Una nuova pagina di storia americana

La Prima Dichiarazione dell’Avana è stata una sintesi e un’analisi della situazione emisferica basata sui suoi antecedenti storici; è stata anche un monito e un avvertimento, motivato e verificato dagli eventi successivi nella nostra regione e nel mondo.

Senza dubbio, e questo viene confermato ogni giorno, la Prima Dichiarazione dell’Avana ha definitivamente aperto una nuova pagina nella storia dell’America. Quando, nel pomeriggio del 2 settembre 1960, l’Assemblea Generale Nazionale del popolo cubano si riunì nella Plaza de la Revolución, “accanto all’immagine e alla memoria di José Martí” – come inizia il testo – stava nascendo un documento storico e irripetibile che, in un modo o nell’altro, avrebbe segnato il futuro delle lotte per la seconda indipendenza dell’America Latina e dei Caraibi, dei sogni e delle speranze ancora in sospeso dei liberatori e dei popoli che l’hanno forgiata.

In questo caso, i suoi nove capitoli costituiscono una risposta alla cosiddetta Settima Riunione dei Ministri degli Esteri dell’OSA, che il 22 agosto a San José, in Costa Rica, si era riunita per approvare una delle prime e più sporche manovre yankee per attaccare e isolare politicamente e diplomaticamente il Governo Rivoluzionario di Cuba, facilitando e dando così forma all’intervento militare diretto che il governo statunitense stava già organizzando e che sarebbe culminato nella vergognosa sconfitta mercenaria di Playa Girón sei mesi dopo.

La Prima Dichiarazione dell’Avana non è stata quindi solo la risposta energica e illuminante di Cuba ai piani degli yankee e dei loro satelliti, ma una sintesi e un’analisi della situazione emisferica basata sul suo background storico; è stata anche un allarme e un avvertimento ragionato, verificato dagli eventi successivi nella nostra regione e nel mondo.

Non si trattava di un opuscolo occasionale o di una ricetta, né di una disperata sortita di fronte a un nemico senza scrupoli e crudele.

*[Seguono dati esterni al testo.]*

definition Ttmat :: "(int \<Rightarrow> 'a::field) \<Rightarrow> int \<Rightarrow> int set \<Rightarrow> int set \<Rightarrow> 'a" where
  "Ttmat \<omega> a I J =
     (if \<exists>s. I \<union> {a - 1} = shift1 J \<union> {s}
      then (let s = (THE s. I \<union> {a - 1} = shift1 J \<union> {s}) in eps s I * betat \<omega> s)
      else 0)"

definition Umat :: "int \<Rightarrow> int set \<Rightarrow> int set \<Rightarrow> 'a::comm_ring_1" where
  "Umat a I J = (if I \<union> {a - 1} = J then 1 else 0)"

definition idxT :: "int \<Rightarrow> int \<Rightarrow> int set set" where
  "idxT a b = {I. I \<subseteq> {-b..a-1} \<and> card I = nat a}"

definition idxTt :: "int \<Rightarrow> int \<Rightarrow> int set set" where
  "idxTt a b = {I. I \<subseteq> {-b-1..a-2} \<and> card I = nat (a - 1)}"

definition zTmat :: "(int \<Rightarrow> 'a::field) \<Rightarrow> int \<Rightarrow> int set \<Rightarrow> int set \<Rightarrow> 'a poly" where
  "zTmat \<omega> a I J = (if I = J then 1 else 0) - [:0, Tmat \<omega> a I J:]"

definition zTtmat :: "(int \<Rightarrow> 'a::field) \<Rightarrow> int \<Rightarrow> int set \<Rightarrow> int set \<Rightarrow> 'a poly" where
  "zTtmat \<omega> a I J = (if I = J then 1 else 0) - [:0, Ttmat \<omega> a I J:]"

definition Dpoly :: "(int \<Rightarrow> 'a::field) \<Rightarrow> int \<Rightarrow> int \<Rightarrow> 'a poly" where
  "Dpoly \<omega> a b = det_on (idxT a b) (zTmat \<omega> a)"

Era ed è una riflessione serena e profonda, senza alcun precedente immediato in quei tempi.

Seguite dalla II Dichiarazione dell’Avana, il 4 febbraio 1962, entrambe costituiscono le basi teoriche di analisi e di soluzione che sono tuttora valide per gran parte della realtà latinoamericana e caraibica; da qui il loro valore permanente per le lotte di oggi e di domani, su qualsiasi terreno esse si presentino.

Il documento ha inoltre proclamato l’esistenza di un’unica Cina, in contrapposizione alla città imperialista di Taiwan, e ha espresso il riconoscimento diplomatico di Cuba – primo Paese dell’America Latina e dei Caraibi a farlo – della Repubblica Popolare Cinese, riconoscendone i pieni diritti come unico rappresentante legittimo del popolo cinese.

In mezzo al grottesco invito dell’OEA, si sono levate le voci dignitose dei governi di Uruguay, Bolivia e Messico. È anche curioso che, al loro ritorno, i ministri degli Esteri di Venezuela e Perù, quest’ultimo utilizzato come convocatore della riunione, abbiano presentato le loro dimissioni.

Come epitaffio all’inganno di Washington e della sua OEA, sono rimaste ferme le parole del ministro degli Esteri della Dignità, il cubano Raúl Roa, quando ha scosso il Teatro Nazionale di San José: “Signori, la delegazione che ho l’onore di presiedere ha deciso di ritirarsi da questa riunione di consultazione dei ministri degli Esteri americani. La ragione fondamentale è che, nonostante tutte le dichiarazioni e i postulati che sono stati fatti in questa sede, per cui Cuba potrebbe avere protezione e appoggio all’interno dell’OEA, di cui fa parte, contro le aggressioni di un altro Stato americano, le denunce presentate dalla mia delegazione non hanno avuto alcuna eco, risonanza o accoglienza qui. Con me se ne va il mio popolo, e con lui tutti i popoli dell’America Latina!

Nacque così la prima Dichiarazione dell’Avana che, da allora, ha vissuto e agito nelle forme più diverse, con la sua essenza patriottica e democratica, marziana e antimperialista, di integrazione e giustizia sociale, di unità nella diversità.